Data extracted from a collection
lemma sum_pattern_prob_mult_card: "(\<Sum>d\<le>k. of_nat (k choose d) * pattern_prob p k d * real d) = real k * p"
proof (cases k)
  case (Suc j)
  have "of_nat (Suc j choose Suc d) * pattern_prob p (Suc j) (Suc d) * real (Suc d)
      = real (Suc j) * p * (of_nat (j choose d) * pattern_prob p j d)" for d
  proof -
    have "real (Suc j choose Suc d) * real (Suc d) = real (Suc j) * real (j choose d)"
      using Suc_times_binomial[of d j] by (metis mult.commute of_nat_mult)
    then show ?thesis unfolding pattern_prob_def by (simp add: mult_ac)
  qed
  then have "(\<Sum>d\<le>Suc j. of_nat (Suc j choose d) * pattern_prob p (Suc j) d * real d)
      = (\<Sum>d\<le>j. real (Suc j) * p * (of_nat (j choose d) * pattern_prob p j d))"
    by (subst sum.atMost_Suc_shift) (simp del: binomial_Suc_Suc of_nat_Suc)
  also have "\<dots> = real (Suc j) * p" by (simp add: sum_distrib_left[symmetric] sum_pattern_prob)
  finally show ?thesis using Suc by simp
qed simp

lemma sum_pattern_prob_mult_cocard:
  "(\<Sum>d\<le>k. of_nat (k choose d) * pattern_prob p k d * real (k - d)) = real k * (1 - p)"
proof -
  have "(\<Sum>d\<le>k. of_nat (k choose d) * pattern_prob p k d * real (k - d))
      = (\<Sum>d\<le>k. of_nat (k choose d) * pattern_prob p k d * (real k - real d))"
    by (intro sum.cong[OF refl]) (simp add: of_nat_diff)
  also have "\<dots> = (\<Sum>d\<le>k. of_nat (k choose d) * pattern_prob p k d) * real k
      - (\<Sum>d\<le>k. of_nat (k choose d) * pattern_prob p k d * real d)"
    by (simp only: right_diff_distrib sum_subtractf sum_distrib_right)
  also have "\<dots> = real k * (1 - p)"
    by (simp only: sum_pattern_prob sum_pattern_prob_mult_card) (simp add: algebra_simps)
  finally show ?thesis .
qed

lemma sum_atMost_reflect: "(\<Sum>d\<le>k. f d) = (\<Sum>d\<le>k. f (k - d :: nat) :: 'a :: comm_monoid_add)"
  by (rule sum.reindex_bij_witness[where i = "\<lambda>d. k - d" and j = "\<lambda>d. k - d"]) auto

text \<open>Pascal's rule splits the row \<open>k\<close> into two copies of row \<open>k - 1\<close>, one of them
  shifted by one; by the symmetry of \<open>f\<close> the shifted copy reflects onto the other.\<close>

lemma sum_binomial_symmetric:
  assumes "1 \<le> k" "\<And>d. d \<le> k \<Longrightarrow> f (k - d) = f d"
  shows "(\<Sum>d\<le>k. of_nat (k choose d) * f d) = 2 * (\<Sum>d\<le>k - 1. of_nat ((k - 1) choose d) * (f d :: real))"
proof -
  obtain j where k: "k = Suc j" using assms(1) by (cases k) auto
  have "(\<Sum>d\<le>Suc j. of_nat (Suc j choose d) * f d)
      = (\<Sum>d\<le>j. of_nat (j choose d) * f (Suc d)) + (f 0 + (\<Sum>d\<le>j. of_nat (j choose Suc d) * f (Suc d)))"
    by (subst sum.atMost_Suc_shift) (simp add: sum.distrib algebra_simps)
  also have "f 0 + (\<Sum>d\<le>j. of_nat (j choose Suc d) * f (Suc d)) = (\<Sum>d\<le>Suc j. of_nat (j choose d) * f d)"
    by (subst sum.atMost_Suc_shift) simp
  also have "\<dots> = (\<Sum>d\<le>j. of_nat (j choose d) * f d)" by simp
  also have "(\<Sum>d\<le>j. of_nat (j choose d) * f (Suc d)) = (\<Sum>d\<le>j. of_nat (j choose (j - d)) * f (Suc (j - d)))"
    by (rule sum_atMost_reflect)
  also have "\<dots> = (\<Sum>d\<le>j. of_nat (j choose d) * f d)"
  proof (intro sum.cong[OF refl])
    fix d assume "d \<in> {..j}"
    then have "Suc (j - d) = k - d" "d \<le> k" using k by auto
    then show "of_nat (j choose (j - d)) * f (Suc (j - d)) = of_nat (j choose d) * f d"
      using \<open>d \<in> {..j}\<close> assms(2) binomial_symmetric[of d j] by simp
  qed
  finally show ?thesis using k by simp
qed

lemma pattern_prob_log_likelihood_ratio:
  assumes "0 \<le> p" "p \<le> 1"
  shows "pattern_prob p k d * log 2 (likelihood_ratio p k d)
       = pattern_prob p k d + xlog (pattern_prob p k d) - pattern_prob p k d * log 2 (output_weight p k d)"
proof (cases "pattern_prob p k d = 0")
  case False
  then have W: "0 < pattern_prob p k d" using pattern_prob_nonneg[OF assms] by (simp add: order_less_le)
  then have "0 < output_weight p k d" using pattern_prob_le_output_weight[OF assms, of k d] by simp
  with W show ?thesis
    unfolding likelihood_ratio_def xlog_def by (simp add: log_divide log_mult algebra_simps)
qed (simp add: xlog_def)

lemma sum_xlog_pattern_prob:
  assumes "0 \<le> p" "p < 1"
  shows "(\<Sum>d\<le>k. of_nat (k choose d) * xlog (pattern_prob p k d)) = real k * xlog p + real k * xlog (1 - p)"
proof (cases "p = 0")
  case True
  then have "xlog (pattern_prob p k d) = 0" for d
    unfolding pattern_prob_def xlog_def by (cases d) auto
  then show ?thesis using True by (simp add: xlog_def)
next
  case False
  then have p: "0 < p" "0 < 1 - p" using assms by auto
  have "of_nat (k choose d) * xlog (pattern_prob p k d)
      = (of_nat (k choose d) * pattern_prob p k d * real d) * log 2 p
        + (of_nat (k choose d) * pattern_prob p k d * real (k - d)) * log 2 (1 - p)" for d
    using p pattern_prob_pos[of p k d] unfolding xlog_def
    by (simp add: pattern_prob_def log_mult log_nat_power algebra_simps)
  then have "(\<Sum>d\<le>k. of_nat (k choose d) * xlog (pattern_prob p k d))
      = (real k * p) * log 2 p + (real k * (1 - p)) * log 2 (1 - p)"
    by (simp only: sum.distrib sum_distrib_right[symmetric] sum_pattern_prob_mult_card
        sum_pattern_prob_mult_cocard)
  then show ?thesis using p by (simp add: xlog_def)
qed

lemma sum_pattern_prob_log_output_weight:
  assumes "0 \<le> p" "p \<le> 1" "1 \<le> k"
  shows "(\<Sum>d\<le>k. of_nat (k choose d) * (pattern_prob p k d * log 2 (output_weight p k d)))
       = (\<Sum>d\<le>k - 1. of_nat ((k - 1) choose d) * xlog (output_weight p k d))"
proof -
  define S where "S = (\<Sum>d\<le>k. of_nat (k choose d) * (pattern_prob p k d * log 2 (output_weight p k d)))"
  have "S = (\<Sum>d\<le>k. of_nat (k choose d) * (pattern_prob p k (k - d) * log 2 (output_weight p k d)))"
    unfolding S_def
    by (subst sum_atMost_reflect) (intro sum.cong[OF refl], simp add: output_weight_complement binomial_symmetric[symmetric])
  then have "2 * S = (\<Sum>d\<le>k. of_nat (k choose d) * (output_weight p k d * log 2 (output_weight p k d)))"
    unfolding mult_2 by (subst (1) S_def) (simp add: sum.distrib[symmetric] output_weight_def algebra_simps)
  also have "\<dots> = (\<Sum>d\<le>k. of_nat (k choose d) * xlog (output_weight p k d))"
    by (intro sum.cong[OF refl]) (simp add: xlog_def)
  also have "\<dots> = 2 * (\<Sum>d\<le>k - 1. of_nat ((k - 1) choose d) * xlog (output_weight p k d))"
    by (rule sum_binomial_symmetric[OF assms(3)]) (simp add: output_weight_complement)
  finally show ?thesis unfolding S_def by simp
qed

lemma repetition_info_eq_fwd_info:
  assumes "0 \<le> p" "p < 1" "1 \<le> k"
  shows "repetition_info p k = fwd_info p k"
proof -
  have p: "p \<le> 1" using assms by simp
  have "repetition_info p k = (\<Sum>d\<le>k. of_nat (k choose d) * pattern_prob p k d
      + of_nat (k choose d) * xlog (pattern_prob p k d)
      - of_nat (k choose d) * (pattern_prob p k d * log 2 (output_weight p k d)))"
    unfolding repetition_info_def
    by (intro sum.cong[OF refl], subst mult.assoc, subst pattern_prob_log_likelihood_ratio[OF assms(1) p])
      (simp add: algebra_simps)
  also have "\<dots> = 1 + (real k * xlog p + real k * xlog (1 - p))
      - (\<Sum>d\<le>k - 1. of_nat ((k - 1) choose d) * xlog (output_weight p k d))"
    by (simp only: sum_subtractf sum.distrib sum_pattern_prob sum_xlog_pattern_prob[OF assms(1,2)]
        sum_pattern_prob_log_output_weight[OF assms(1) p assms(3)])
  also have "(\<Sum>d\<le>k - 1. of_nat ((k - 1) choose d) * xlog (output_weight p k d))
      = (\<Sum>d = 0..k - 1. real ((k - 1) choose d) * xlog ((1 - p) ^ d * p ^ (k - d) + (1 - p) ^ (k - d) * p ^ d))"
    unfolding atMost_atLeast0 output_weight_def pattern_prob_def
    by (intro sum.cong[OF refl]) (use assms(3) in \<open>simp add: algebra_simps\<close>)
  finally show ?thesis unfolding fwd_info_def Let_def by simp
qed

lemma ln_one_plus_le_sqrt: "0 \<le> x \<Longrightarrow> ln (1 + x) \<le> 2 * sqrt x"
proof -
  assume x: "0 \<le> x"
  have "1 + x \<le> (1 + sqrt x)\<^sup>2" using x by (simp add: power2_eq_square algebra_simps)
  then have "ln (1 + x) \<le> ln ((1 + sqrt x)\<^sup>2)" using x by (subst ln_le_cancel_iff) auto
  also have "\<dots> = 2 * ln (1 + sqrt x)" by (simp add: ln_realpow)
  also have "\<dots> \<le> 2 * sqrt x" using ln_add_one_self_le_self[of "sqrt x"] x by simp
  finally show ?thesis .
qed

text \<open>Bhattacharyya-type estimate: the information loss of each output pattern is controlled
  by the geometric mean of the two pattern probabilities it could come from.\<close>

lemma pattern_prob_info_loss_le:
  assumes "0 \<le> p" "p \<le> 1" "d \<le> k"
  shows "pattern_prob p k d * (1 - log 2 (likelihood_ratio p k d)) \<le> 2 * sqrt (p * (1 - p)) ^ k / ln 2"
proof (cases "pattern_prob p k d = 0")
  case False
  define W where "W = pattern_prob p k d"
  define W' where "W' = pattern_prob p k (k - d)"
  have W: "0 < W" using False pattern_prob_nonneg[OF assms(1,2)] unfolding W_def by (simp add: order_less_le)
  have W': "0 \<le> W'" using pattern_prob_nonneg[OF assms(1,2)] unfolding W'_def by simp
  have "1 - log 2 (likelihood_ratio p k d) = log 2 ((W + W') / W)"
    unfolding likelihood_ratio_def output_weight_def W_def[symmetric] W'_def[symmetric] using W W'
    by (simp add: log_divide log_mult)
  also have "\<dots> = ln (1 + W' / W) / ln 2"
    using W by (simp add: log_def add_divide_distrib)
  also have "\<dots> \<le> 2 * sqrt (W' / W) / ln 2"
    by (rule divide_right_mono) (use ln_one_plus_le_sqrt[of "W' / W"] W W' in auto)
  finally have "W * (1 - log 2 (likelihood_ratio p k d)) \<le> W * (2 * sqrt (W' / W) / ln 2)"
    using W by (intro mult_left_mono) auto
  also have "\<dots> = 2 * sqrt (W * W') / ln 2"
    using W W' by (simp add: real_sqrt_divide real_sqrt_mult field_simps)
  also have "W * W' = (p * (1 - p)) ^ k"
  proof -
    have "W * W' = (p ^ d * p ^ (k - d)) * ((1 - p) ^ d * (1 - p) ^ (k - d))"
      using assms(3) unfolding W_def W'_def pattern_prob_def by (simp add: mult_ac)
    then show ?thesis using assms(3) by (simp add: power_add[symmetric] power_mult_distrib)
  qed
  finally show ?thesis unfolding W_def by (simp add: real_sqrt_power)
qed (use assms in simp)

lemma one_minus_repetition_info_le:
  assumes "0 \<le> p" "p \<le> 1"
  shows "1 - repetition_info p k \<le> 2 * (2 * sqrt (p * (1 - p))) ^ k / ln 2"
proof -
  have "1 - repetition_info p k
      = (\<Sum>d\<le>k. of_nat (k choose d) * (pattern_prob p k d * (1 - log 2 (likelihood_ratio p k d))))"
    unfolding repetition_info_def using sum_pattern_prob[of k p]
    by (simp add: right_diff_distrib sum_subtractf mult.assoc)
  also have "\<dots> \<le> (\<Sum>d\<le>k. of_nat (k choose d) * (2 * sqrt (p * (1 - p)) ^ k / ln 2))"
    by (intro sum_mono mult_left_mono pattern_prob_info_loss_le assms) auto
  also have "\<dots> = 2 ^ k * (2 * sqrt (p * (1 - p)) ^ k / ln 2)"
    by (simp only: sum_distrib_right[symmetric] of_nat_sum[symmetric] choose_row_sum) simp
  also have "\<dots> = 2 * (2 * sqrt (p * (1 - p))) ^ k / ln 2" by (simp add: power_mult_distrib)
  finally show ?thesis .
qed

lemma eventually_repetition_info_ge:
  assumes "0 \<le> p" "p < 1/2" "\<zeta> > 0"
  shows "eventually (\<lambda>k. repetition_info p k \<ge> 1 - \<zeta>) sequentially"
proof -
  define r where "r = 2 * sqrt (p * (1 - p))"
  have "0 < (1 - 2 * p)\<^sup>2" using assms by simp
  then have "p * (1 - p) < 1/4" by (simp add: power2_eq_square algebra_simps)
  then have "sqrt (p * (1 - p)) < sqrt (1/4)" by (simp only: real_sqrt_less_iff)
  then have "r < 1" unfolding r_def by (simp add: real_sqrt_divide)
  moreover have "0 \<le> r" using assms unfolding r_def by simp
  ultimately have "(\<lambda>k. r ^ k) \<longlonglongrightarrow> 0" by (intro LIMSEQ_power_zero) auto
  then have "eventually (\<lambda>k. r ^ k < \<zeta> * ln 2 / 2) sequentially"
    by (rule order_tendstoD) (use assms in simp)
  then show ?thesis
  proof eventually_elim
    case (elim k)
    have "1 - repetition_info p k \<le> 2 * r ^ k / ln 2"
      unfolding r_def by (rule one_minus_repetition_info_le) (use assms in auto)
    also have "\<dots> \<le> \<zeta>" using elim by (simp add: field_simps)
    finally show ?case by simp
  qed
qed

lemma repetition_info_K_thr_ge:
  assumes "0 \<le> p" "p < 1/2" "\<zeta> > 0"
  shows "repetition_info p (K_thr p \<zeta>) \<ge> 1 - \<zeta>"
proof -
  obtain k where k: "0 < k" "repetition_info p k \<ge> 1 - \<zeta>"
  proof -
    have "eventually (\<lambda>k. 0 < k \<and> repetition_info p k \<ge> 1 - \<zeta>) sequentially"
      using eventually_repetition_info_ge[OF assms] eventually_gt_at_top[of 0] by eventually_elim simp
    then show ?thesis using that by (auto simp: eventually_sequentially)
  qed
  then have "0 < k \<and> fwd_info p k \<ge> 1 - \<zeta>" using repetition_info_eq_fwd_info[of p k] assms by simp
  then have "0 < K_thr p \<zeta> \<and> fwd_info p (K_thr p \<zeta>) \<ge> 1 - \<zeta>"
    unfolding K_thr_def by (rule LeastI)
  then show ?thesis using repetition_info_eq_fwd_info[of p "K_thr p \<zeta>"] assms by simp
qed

__Task item__.
All that belongs in the answer is the run of lines above from the line containing "by (simp only: sum_subtractf" through the line containing "unfolding atMost_atLeast0 output_weight_def", exactly as written.

__Your solution__.
    by (simp only: sum_subtractf sum.distrib sum_pattern_prob sum_xlog_pattern_prob[OF assms(1,2)]
        sum_pattern_prob_log_output_weight[OF assms(1) p assms(3)])
  also have "(\<Sum>d\<le>k - 1. of_nat ((k - 1) choose d) * xlog (output_weight p k d))
      = (\<Sum>d = 0..k - 1. real ((k - 1) choose d) * xlog ((1 - p) ^ d * p ^ (k - d) + (1 - p) ^ (k - d) * p ^ d))"
    unfolding atMost_atLeast0 output_weight_def pattern_prob_def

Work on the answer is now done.